- _WORK TASK_: What you return must be every line below that includes the word "there".

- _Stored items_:
(* Let $f$ be a real function on $[0,1]$ satisfying the H\"older condition $|f(x')-f(x'')|\le H|x'-x''|^{1/N}$ for all $x',x''\in[0,1]$, with $H>0$ and integer $N\ge 1$. Apply the algorithm PLT (described in the context) to $f$, with the stopping rule disregarded, and let $\{x^q\}$ be the resulting infinite sequence of trial points. Assume that the numbers of parallel trials satisfy $p(l)\le Q<\infty$ for all $l>1$. Let $\bar x\in[0,1]$ be a limit point of $\{x^q\}$. Then: (i) if $\bar x\in(0,1)$, there exist two subsequences of $\{x^q\}$, one converging to $\bar x$ from the left and the other converging to $\bar x$ from the right; (ii) if $f$ has a finite number of local extrema, then $\bar x$ is a local minimizer of $f$; (iii) if $\hat x$ is another limit point of $\{x^q\}$, then $f(\bar x)=f(\hat x)$; (iv) for all $q\ge 1$, $z^q=f(x^q)\ge f(\bar x)$.
   Context: Algorithm PLT (parallel information algorithm with local tuning) for minimizing $f$ on $[0,1]$; parameters: integer $N\ge1$, reliability parameter $r>1$, small number $\xi>0$. A "trial" is an evaluation of $f$ at a point. Step 0: perform $q(1)>1$ initial trials at $x^1=0$, $x^2=1$ and some interior points $x^3,\dots,x^{q(1)}\in(0,1)$; set $l=1$. At iteration $l$, let $q=q(l)$ be the number of trials made so far. Step 1: order all trial points as $0=x_1<x_2<\dots<x_q=1$ and set $z_i=f(x_i)$. Step 2: for $2\le j\le q$ compute $\mu_j=\max\{\lambda_j,\gamma_j,\xi\}$, where $\lambda_j=\max\{|z_i-z_{i-1}|/(x_i-x_{i-1})^{1/N}: i\in I_j\}$ with $I_2=\{2,3\}$, $I_j=\{j-1,j,j+1\}$ for $3\le j\le q-1$, $I_q=\{q-1,q\}$; and $\gamma_j=\mu\,(x_j-x_{j-1})^{1/N}/(X^{\max})^{1/N}$ with $\mu=\max\{|z_i-z_{i-1}|/(x_i-x_{i-1})^{1/N}:2\le i\le q\}$ and $X^{\max}=\max\{x_i-x_{i-1}:2\le i\le q\}$. Step 3: for $2\le j\le q$ compute the characteristic $R(j)=r\mu_j(x_j-x_{j-1})^{1/N}+\frac{(z_j-z_{j-1})^2}{r\mu_j(x_j-x_{j-1})^{1/N}}-(z_j+z_{j-1})$. Step 4: choose $p=p(l+1)\le q(l)-1$ and distinct indices $t_1,\dots,t_p$ being the indices of the $p$ largest characteristics ($t_1=\arg\max\{R(i):1<i\le q\}$, $t_k=\arg\max\{R(i):1<i\le q,\ i\ne t_s, 1\le s\le k-1\}$); the new trial points are $x^{q+k}=\tfrac12(x_{t_k-1}+x_{t_k})-\frac{1}{2r}\left(\frac{|z_{t_k}-z_{t_k-1}|}{\mu_{t_k}}\right)^N\operatorname{sign}(z_{t_k}-z_{t_k-1})$, $1\le k\le p$. Step 5: evaluate $f$ at these $p$ points in parallel, set $q(l+1)=q(l)+p(l+1)$, $l\leftarrow l+1$, and return to Step 1. (In the paper $f(x)=\phi(y(x))$ where $y$ is a Peano-type space-filling curve mapping $[0,1]$ onto a hyperinterval $D\subset\mathbb R^N$ and $\phi$ is Lipschitz on $D$, which yields the H\"older condition above.) *)

theory Defs
  imports Complex_Main
begin

text \<open>Trial points made so far are X 1, ..., X q.  The ordered points
  0 = x_1 < ... < x_q = 1 are given (1-based) by plt_x.\<close>

definition plt_x :: "(nat \<Rightarrow> real) \<Rightarrow> nat \<Rightarrow> nat \<Rightarrow> real" where
  "plt_x X q i = sorted_list_of_set (X ` {1..q}) ! (i - 1)"

definition plt_z :: "(real \<Rightarrow> real) \<Rightarrow> (nat \<Rightarrow> real) \<Rightarrow> nat \<Rightarrow> nat \<Rightarrow> real" where
  "plt_z f X q i = f (plt_x X q i)"

definition plt_d :: "nat \<Rightarrow> (nat \<Rightarrow> real) \<Rightarrow> nat \<Rightarrow> nat \<Rightarrow> real" where
  "plt_d N X q i = (plt_x X q i - plt_x X q (i - 1)) powr (1 / real N)"

definition plt_slope :: "(real \<Rightarrow> real) \<Rightarrow> nat \<Rightarrow> (nat \<Rightarrow> real) \<Rightarrow> nat \<Rightarrow> nat \<Rightarrow> real" where
  "plt_slope f N X q i = \<bar>plt_z f X q i - plt_z f X q (i - 1)\<bar> / plt_d N X q i"

text \<open>lambda_j, with I_j = {j-1, j, j+1} \<inter> {2..q} (this gives I_2 = {2,3},
  I_q = {q-1,q} and I_j = {j-1,j,j+1} otherwise).\<close>
definition plt_lambda :: "(real \<Rightarrow> real) \<Rightarrow> nat \<Rightarrow> (nat \<Rightarrow> real) \<Rightarrow> nat \<Rightarrow> nat \<Rightarrow> real" where
  "plt_lambda f N X q j = Max (plt_slope f N X q ` ({j - 1..j + 1} \<inter> {2..q}))"

definition plt_mu_glob :: "(real \<Rightarrow> real) \<Rightarrow> nat \<Rightarrow> (nat \<Rightarrow> real) \<Rightarrow> nat \<Rightarrow> real" where
  "plt_mu_glob f N X q = Max (plt_slope f N X q ` {2..q})"

definition plt_Xmax :: "(nat \<Rightarrow> real) \<Rightarrow> nat \<Rightarrow> real" where
  "plt_Xmax X q = Max ((\<lambda>i. plt_x X q i - plt_x X q (i - 1)) ` {2..q})"

definition plt_gamma :: "(real \<Rightarrow> real) \<Rightarrow> nat \<Rightarrow> (nat \<Rightarrow> real) \<Rightarrow> nat \<Rightarrow> nat \<Rightarrow> real" where
  "plt_gamma f N X q j =
     plt_mu_glob f N X q * plt_d N X q j / (plt_Xmax X q) powr (1 / real N)"

definition plt_mu :: "(real \<Rightarrow> real) \<Rightarrow> nat \<Rightarrow> real \<Rightarrow> (nat \<Rightarrow> real) \<Rightarrow> nat \<Rightarrow> nat \<Rightarrow> real" where
  "plt_mu f N \<xi> X q j = max (plt_lambda f N X q j) (max (plt_gamma f N X q j) \<xi>)"

definition plt_R :: "(real \<Rightarrow> real) \<Rightarrow> nat \<Rightarrow> real \<Rightarrow> real \<Rightarrow> (nat \<Rightarrow> real) \<Rightarrow> nat \<Rightarrow> nat \<Rightarrow> real" where
  "plt_R f N r \<xi> X q j =
     (let m = r * plt_mu f N \<xi> X q j * plt_d N X q j;
          zj = plt_z f X q j; zj1 = plt_z f X q (j - 1)
      in m + (zj - zj1)\<^sup>2 / m - (zj + zj1))"

definition plt_new :: "(real \<Rightarrow> real) \<Rightarrow> nat \<Rightarrow> real \<Rightarrow> real \<Rightarrow> (nat \<Rightarrow> real) \<Rightarrow> nat \<Rightarrow> nat \<Rightarrow> real" where
  "plt_new f N r \<xi> X q t =
     (plt_x X q (t - 1) + plt_x X q t) / 2
     - (1 / (2 * r)) * (\<bar>plt_z f X q t - plt_z f X q (t - 1)\<bar> / plt_mu f N \<xi> X q t) ^ N
       * sgn (plt_z f X q t - plt_z f X q (t - 1))"

text \<open>X is a sequence of trial points (indices 1,2,...) generated by PLT
  (stopping rule disregarded), q l = number of trials after iteration l,
  p l = number of parallel trials at iteration l (l \<ge> 2).  Ties in the
  choice of the largest characteristics are broken arbitrarily.\<close>
definition PLT_run ::
  "(real \<Rightarrow> real) \<Rightarrow> nat \<Rightarrow> real \<Rightarrow> real \<Rightarrow> (nat \<Rightarrow> real) \<Rightarrow> (nat \<Rightarrow> nat) \<Rightarrow> (nat \<Rightarrow> nat) \<Rightarrow> bool" where
  "PLT_run f N r \<xi> X q p \<longleftrightarrow>
     q 1 > 1 \<and> X 1 = 0 \<and> X 2 = 1 \<and> (\<forall>i\<in>{3..q 1}. 0 < X i \<and> X i < 1) \<and>
     inj_on X {1..q 1} \<and>
     (\<forall>l\<ge>1. 1 \<le> p (l + 1) \<and> p (l + 1) \<le> q l - 1 \<and> q (l + 1) = q l + p (l + 1) \<and>
        (\<exists>t :: nat \<Rightarrow> nat.
           inj_on t {1..p (l + 1)} \<and> t ` {1..p (l + 1)} \<subseteq> {2..q l} \<and>
           (\<forall>k\<in>{1..p (l + 1)}. \<forall>k'\<in>{1..p (l + 1)}. k < k' \<longrightarrow>
               plt_R f N r \<xi> X (q l) (t k') \<le> plt_R f N r \<xi> X (q l) (t k)) \<and>
           (\<forall>k\<in>{1..p (l + 1)}. \<forall>j\<in>{2..q l} - t ` {1..p (l + 1)}.
               plt_R f N r \<xi> X (q l) j \<le> plt_R f N r \<xi> X (q l) (t k)) \<and>
           (\<forall>k\<in>{1..p (l + 1)}. X (q l + k) = plt_new f N r \<xi> X (q l) (t k))))"

definition seq_limit_point :: "(nat \<Rightarrow> real) \<Rightarrow> real \<Rightarrow> bool" where
  "seq_limit_point X a \<longleftrightarrow>
     (\<exists>\<sigma>. strict_mono \<sigma> \<and> (\<forall>n. \<sigma> n \<ge> 1) \<and> (\<lambda>n. X (\<sigma> n)) \<longlonglongrightarrow> a)"

definition loc_min_01 :: "(real \<Rightarrow> real) \<Rightarrow> real \<Rightarrow> bool" where
  "loc_min_01 f x \<longleftrightarrow> x \<in> {0..1} \<and>
     (\<exists>\<delta>>0. \<forall>y\<in>{0..1}. \<bar>y - x\<bar> < \<delta> \<longrightarrow> f x \<le> f y)"

definition loc_max_01 :: "(real \<Rightarrow> real) \<Rightarrow> real \<Rightarrow> bool" where
  "loc_max_01 f x \<longleftrightarrow> x \<in> {0..1} \<and>
     (\<exists>\<delta>>0. \<forall>y\<in>{0..1}. \<bar>y - x\<bar> < \<delta> \<longrightarrow> f y \<le> f x)"

end

theory Submission
  imports Defs
begin

text \<open>The proof separates the combinatorics of the algorithm from its formulas.  First an
  abstract interval-refinement scheme is described by a locale: growing finite point sets
  S l in [0,1], at most Q chosen neighbouring intervals per step, a characteristic
  squeezed between kappa1 d^(1/N) - 2 min f and K2 d^(1/N) - 2 min f (d the interval
  length), maximality of the chosen characteristics, and new points in the central part of
  the chosen intervals.  For a limit point xb, small chosen intervals near xb show that
  infinitely often some chosen characteristic is close to -2 f(xb).  From this:
  (iv) a point p0 with f p0 < f xb would have all intervals around its sublevel set chosen
  infinitely often, so points accumulate there beyond what Q chosen intervals allow;
  (i) a bracket of width >= eps around xb would be chosen and contracted by a fixed factor
  infinitely often, so points approach xb from both sides.
  Then PLT is shown to be an instance (sorted trial points, estimates for mu_j, R(j) and the
  new point), and the theorem follows: (iii) from (iv) and continuity, (ii) from (i), (iv)
  and the fact that a non-minimum surrounded by higher values encloses a local maximum.\<close>

lemma root_less_of_less_pow:
  fixes t \<theta> :: real
  assumes N: "N \<ge> 1" and t: "0 \<le> t" and \<theta>: "\<theta> > 0" and lt: "t < \<theta> ^ N"
  shows "t powr (1 / real N) < \<theta>"
proof -
  have "t powr (1 / real N) < (\<theta> ^ N) powr (1 / real N)"
    using N t lt by (intro powr_less_mono2) auto
  also have "(\<theta> ^ N) powr (1 / real N) = \<theta>"
    using N \<theta> by (simp add: powr_realpow[symmetric] powr_powr)
  finally show ?thesis .
qed

lemma root_pow_cancel:
  fixes x :: real
  assumes "N \<ge> 1" and "x > 0"
  shows "(x powr (1 / real N)) ^ N = x"
  using assms by (simp add: powr_realpow[symmetric] powr_powr)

- _REPLY_:
(* Let $f$ be a real function on $[0,1]$ satisfying the H\"older condition $|f(x')-f(x'')|\le H|x'-x''|^{1/N}$ for all $x',x''\in[0,1]$, with $H>0$ and integer $N\ge 1$. Apply the algorithm PLT (described in the context) to $f$, with the stopping rule disregarded, and let $\{x^q\}$ be the resulting infinite sequence of trial points. Assume that the numbers of parallel trials satisfy $p(l)\le Q<\infty$ for all $l>1$. Let $\bar x\in[0,1]$ be a limit point of $\{x^q\}$. Then: (i) if $\bar x\in(0,1)$, there exist two subsequences of $\{x^q\}$, one converging to $\bar x$ from the left and the other converging to $\bar x$ from the right; (ii) if $f$ has a finite number of local extrema, then $\bar x$ is a local minimizer of $f$; (iii) if $\hat x$ is another limit point of $\{x^q\}$, then $f(\bar x)=f(\hat x)$; (iv) for all $q\ge 1$, $z^q=f(x^q)\ge f(\bar x)$.
  infinitely often, so points accumulate there beyond what Q chosen intervals allow;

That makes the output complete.